# ACTION ITEM
Would you please return all of the entries below exactly as shown?

# THE DATA
lemma in_closure_H_if_nonpositive:
  assumes k: "0 < k" and v: "v \<in> carrier_vec (k+l)" "v \<noteq> 0\<^sub>v (k+l)"
    and nonpos: "Re (herm_form k l v v) \<le> 0"
  shows "in_closure_H k l v"
proof -
  text \<open>The sign of the perturbation \<open>t\<close> of the first (negative) coordinate is chosen so
    that the cross term \<open>2 t Re (v $ 0)\<close> cannot raise the form value.\<close>
  define s :: real where "s = (if 0 \<le> Re (v $ 0) then 1 else -1)"
  define t where "t = (\<lambda>m::nat. s * inverse (real (Suc m)))"
  define w where "w = (\<lambda>m. v + complex_of_real (t m) \<cdot>\<^sub>v unit_vec (k+l) 0)"
  have t_sq: "0 < t m * t m" for m
    unfolding t_def s_def by simp
  have t_cross: "0 \<le> t m * Re (v $ 0)" for m
    unfolding t_def s_def by (auto simp: mult_nonneg_nonpos)
  have w_carrier: "w m \<in> carrier_vec (k+l)" for m
    unfolding w_def using v by auto
  have w_index: "w m $ j = v $ j + (if j = 0 then complex_of_real (t m) else 0)"
    if "j < k+l" for m j
    unfolding w_def using v that k by auto
  have "Re (herm_form k l (w m) (w m)) = Re (herm_form k l v v) - (2 * t m * Re (v $ 0) + t m * t m)"
    for m
  proof -
    have "(if j < k then -1 else 1) * Re (w m $ j * cnj (w m $ j)) =
        (if j < k then -1 else 1) * Re (v $ j * cnj (v $ j))
        - (if j = 0 then 2 * t m * Re (v $ 0) + t m * t m else 0)" if "j < k+l" for j
      unfolding w_index[OF that] using k
      by (auto simp: complex_mult_cnj power2_eq_square algebra_simps)
    then show ?thesis
      using k by (simp add: Re_herm_form_self sum_subtractf)
  qed
  then have w_neg: "w m \<in> neg_cone k l" for m
    unfolding neg_cone_def using w_carrier nonpos t_sq[of m] t_cross[of m] by auto
  have "t \<longlonglongrightarrow> 0"
    unfolding t_def by (rule tendsto_mult_right_zero[OF LIMSEQ_inverse_real_of_nat])
  show ?thesis
    unfolding in_closure_H_def
  proof (intro conjI exI[of _ w] exI[of _ "\<lambda>_. 1"] allI impI)
    fix j assume j: "j < k+l"
    have "(\<lambda>m. if j = 0 then complex_of_real (t m) else 0) \<longlonglongrightarrow> 0"
      using tendsto_of_real[OF \<open>t \<longlonglongrightarrow> 0\<close>] by (cases "j = 0") simp_all
    then have "(\<lambda>m. v $ j + (if j = 0 then complex_of_real (t m) else 0)) \<longlonglongrightarrow> v $ j + 0"
      by (intro tendsto_add tendsto_const)
    then show "(\<lambda>m. (1 \<cdot>\<^sub>v w m) $ j) \<longlonglongrightarrow> v $ j"
      using j w_carrier by (simp add: w_index)
  qed (use v w_neg in auto)
qed

text \<open>\<open>s i\<close> marks a superdiagonal entry \<open>1\<close> at \<open>(i, i+1)\<close>; such an entry lies inside a single
  Jordan block, whence \<open>d (Suc i) = d i\<close>.\<close>
lemma jordan_matrix_index:
  "\<exists>d s. (\<forall>i<sum_list (map fst n_as). \<forall>j<sum_list (map fst n_as).
      jordan_matrix n_as $$ (i,j) = (if i = j then d i else if Suc i = j \<and> s i then 1 else 0))
    \<and> (\<forall>i. Suc i < sum_list (map fst n_as) \<longrightarrow> s i \<longrightarrow> d (Suc i) = d i)"
proof (induction n_as)
  case Nil
  then show ?case by simp
next
  case (Cons na n_as)
  obtain m a where na: "na = (m,a)" by force
  let ?N = "sum_list (map fst n_as)"
  from Cons obtain d s where
    index: "\<forall>i<?N. \<forall>j<?N. jordan_matrix n_as $$ (i,j) =
      (if i = j then d i else if Suc i = j \<and> s i then 1 else 0)"
    and chain: "\<forall>i. Suc i < ?N \<longrightarrow> s i \<longrightarrow> d (Suc i) = d i" by blast
  define d' where "d' = (\<lambda>i. if i < m then a else d (i - m))"
  define s' where "s' = (\<lambda>i. if i < m then Suc i < m else s (i - m))"
  show ?case
  proof (intro exI[of _ d'] exI[of _ s'] conjI allI impI)
    fix i j assume "i < sum_list (map fst (na # n_as))" and "j < sum_list (map fst (na # n_as))"
    then have "i < m + ?N" and "j < m + ?N" by (auto simp: na)
    then show "jordan_matrix (na # n_as) $$ (i,j) =
        (if i = j then d' i else if Suc i = j \<and> s' i then 1 else 0)"
      unfolding na jordan_matrix_Cons using index[rule_format, of "i - m" "j - m"]
      by (auto simp: d'_def s'_def)
  next
    fix i assume "Suc i < sum_list (map fst (na # n_as))" and "s' i"
    then show "d' (Suc i) = d' i" using chain[rule_format, of "i - m"]
      by (auto simp: d'_def s'_def na Suc_diff_le split: if_splits)
  qed
qed

lemma mult_mat_vec_col_jordan:
  fixes P J :: "'a::comm_ring_1 mat"
  assumes P: "P \<in> carrier_mat n n" and J: "J \<in> carrier_mat n n" and j: "j < n"
    and J_index: "\<forall>i<n. \<forall>j<n. J $$ (i,j) = (if i = j then d i else if Suc i = j \<and> s i then 1 else 0)"
  shows "P *\<^sub>v col J j = d j \<cdot>\<^sub>v col P j + (if 0 < j \<and> s (j - 1) then col P (j - 1) else 0\<^sub>v n)"
proof (rule eq_vecI)
  fix r assume "r < dim_vec (d j \<cdot>\<^sub>v col P j + (if 0 < j \<and> s (j - 1) then col P (j - 1) else 0\<^sub>v n))"
  then have r: "r < n" using P by (simp split: if_split_asm)
  have "(P *\<^sub>v col J j) $ r = (\<Sum>i<n. P $$ (r,i) * col J j $ i)"
    using J j by (intro index_mult_mat_vec_sum[OF P _ r]) simp
  also have "\<dots> = (\<Sum>i<n. (if i = j then d j * P $$ (r,i) else 0)
      + (if Suc i = j then (if s i then P $$ (r,i) else 0) else 0))"
    using J j J_index by (intro sum.cong refl) auto
  also have "\<dots> = d j * P $$ (r,j) + (if 0 < j \<and> s (j - 1) then P $$ (r, j - 1) else 0)"
    using j by (cases j) (simp_all add: sum.distrib)
  finally show "(P *\<^sub>v col J j) $ r =
      (d j \<cdot>\<^sub>v col P j + (if 0 < j \<and> s (j - 1) then col P (j - 1) else 0\<^sub>v n)) $ r"
    using P r j by simp
qed (use P in simp)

# RESPONSE AREA
lemma in_closure_H_if_nonpositive:
  assumes k: "0 < k" and v: "v \<in> carrier_vec (k+l)" "v \<noteq> 0\<^sub>v (k+l)"
    and nonpos: "Re (herm_form k l v v) \<le> 0"
  shows "in_closure_H k l v"
proof -
  text \<open>The sign of the perturbation \<open>t\<close> of the first (negative) coordinate is chosen so
    that the cross term \<open>2 t Re (v $ 0)\<close> cannot raise the form value.\<close>
  define s :: real where "s = (if 0 \<le> Re (v $ 0) then 1 else -1)"
  define t where "t = (\<lambda>m::nat. s * inverse (real (Suc m)))"
  define w where "w = (\<lambda>m. v + complex_of_real (t m) \<cdot>\<^sub>v unit_vec (k+l) 0)"
  have t_sq: "0 < t m * t m" for m
    unfolding t_def s_def by simp
  have t_cross: "0 \<le> t m * Re (v $ 0)" for m
    unfolding t_def s_def by (auto simp: mult_nonneg_nonpos)
  have w_carrier: "w m \<in> carrier_vec (k+l)" for m
    unfolding w_def using v by auto
  have w_index: "w m $ j = v $ j + (if j = 0 then complex_of_real (t m) else 0)"
    if "j < k+l" for m j
    unfolding w_def using v that k by auto
  have "Re (herm_form k l (w m) (w m)) = Re (herm_form k l v v) - (2 * t m * Re (v $ 0) + t m * t m)"
    for m
  proof -
    have "(if j < k then -1 else 1) * Re (w m $ j * cnj (w m $ j)) =
        (if j < k then -1 else 1) * Re (v $ j * cnj (v $ j))
        - (if j = 0 then 2 * t m * Re (v $ 0) + t m * t m else 0)" if "j < k+l" for j
      unfolding w_index[OF that] using k
      by (auto simp: complex_mult_cnj power2_eq_square algebra_simps)
    then show ?thesis
      using k by (simp add: Re_herm_form_self sum_subtractf)
  qed
  then have w_neg: "w m \<in> neg_cone k l" for m
    unfolding neg_cone_def using w_carrier nonpos t_sq[of m] t_cross[of m] by auto
  have "t \<longlonglongrightarrow> 0"
    unfolding t_def by (rule tendsto_mult_right_zero[OF LIMSEQ_inverse_real_of_nat])
  show ?thesis
    unfolding in_closure_H_def
  proof (intro conjI exI[of _ w] exI[of _ "\<lambda>_. 1"] allI impI)
    fix j assume j: "j < k+l"
    have "(\<lambda>m. if j = 0 then complex_of_real (t m) else 0) \<longlonglongrightarrow> 0"
      using tendsto_of_real[OF \<open>t \<longlonglongrightarrow> 0\<close>] by (cases "j = 0") simp_all
    then have "(\<lambda>m. v $ j + (if j = 0 then complex_of_real (t m) else 0)) \<longlonglongrightarrow> v $ j + 0"
      by (intro tendsto_add tendsto_const)
    then show "(\<lambda>m. (1 \<cdot>\<^sub>v w m) $ j) \<longlonglongrightarrow> v $ j"
      using j w_carrier by (simp add: w_index)
  qed (use v w_neg in auto)
qed

text \<open>\<open>s i\<close> marks a superdiagonal entry \<open>1\<close> at \<open>(i, i+1)\<close>; such an entry lies inside a single
  Jordan block, whence \<open>d (Suc i) = d i\<close>.\<close>
lemma jordan_matrix_index:
  "\<exists>d s. (\<forall>i<sum_list (map fst n_as). \<forall>j<sum_list (map fst n_as).
      jordan_matrix n_as $$ (i,j) = (if i = j then d i else if Suc i = j \<and> s i then 1 else 0))
    \<and> (\<forall>i. Suc i < sum_list (map fst n_as) \<longrightarrow> s i \<longrightarrow> d (Suc i) = d i)"
proof (induction n_as)
  case Nil
  then show ?case by simp
next
  case (Cons na n_as)
  obtain m a where na: "na = (m,a)" by force
  let ?N = "sum_list (map fst n_as)"
  from Cons obtain d s where
    index: "\<forall>i<?N. \<forall>j<?N. jordan_matrix n_as $$ (i,j) =
      (if i = j then d i else if Suc i = j \<and> s i then 1 else 0)"
    and chain: "\<forall>i. Suc i < ?N \<longrightarrow> s i \<longrightarrow> d (Suc i) = d i" by blast
  define d' where "d' = (\<lambda>i. if i < m then a else d (i - m))"
  define s' where "s' = (\<lambda>i. if i < m then Suc i < m else s (i - m))"
  show ?case
  proof (intro exI[of _ d'] exI[of _ s'] conjI allI impI)
    fix i j assume "i < sum_list (map fst (na # n_as))" and "j < sum_list (map fst (na # n_as))"
    then have "i < m + ?N" and "j < m + ?N" by (auto simp: na)
    then show "jordan_matrix (na # n_as) $$ (i,j) =
        (if i = j then d' i else if Suc i = j \<and> s' i then 1 else 0)"
      unfolding na jordan_matrix_Cons using index[rule_format, of "i - m" "j - m"]
      by (auto simp: d'_def s'_def)
  next
    fix i assume "Suc i < sum_list (map fst (na # n_as))" and "s' i"
    then show "d' (Suc i) = d' i" using chain[rule_format, of "i - m"]
      by (auto simp: d'_def s'_def na Suc_diff_le split: if_splits)
  qed
qed

lemma mult_mat_vec_col_jordan:
  fixes P J :: "'a::comm_ring_1 mat"
  assumes P: "P \<in> carrier_mat n n" and J: "J \<in> carrier_mat n n" and j: "j < n"
    and J_index: "\<forall>i<n. \<forall>j<n. J $$ (i,j) = (if i = j then d i else if Suc i = j \<and> s i then 1 else 0)"
  shows "P *\<^sub>v col J j = d j \<cdot>\<^sub>v col P j + (if 0 < j \<and> s (j - 1) then col P (j - 1) else 0\<^sub>v n)"
proof (rule eq_vecI)
  fix r assume "r < dim_vec (d j \<cdot>\<^sub>v col P j + (if 0 < j \<and> s (j - 1) then col P (j - 1) else 0\<^sub>v n))"
  then have r: "r < n" using P by (simp split: if_split_asm)
  have "(P *\<^sub>v col J j) $ r = (\<Sum>i<n. P $$ (r,i) * col J j $ i)"
    using J j by (intro index_mult_mat_vec_sum[OF P _ r]) simp
  also have "\<dots> = (\<Sum>i<n. (if i = j then d j * P $$ (r,i) else 0)
      + (if Suc i = j then (if s i then P $$ (r,i) else 0) else 0))"
    using J j J_index by (intro sum.cong refl) auto
  also have "\<dots> = d j * P $$ (r,j) + (if 0 < j \<and> s (j - 1) then P $$ (r, j - 1) else 0)"
    using j by (cases j) (simp_all add: sum.distrib)
  finally show "(P *\<^sub>v col J j) $ r =
      (d j \<cdot>\<^sub>v col P j + (if 0 < j \<and> s (j - 1) then col P (j - 1) else 0\<^sub>v n)) $ r"
    using P r j by simp
qed (use P in simp)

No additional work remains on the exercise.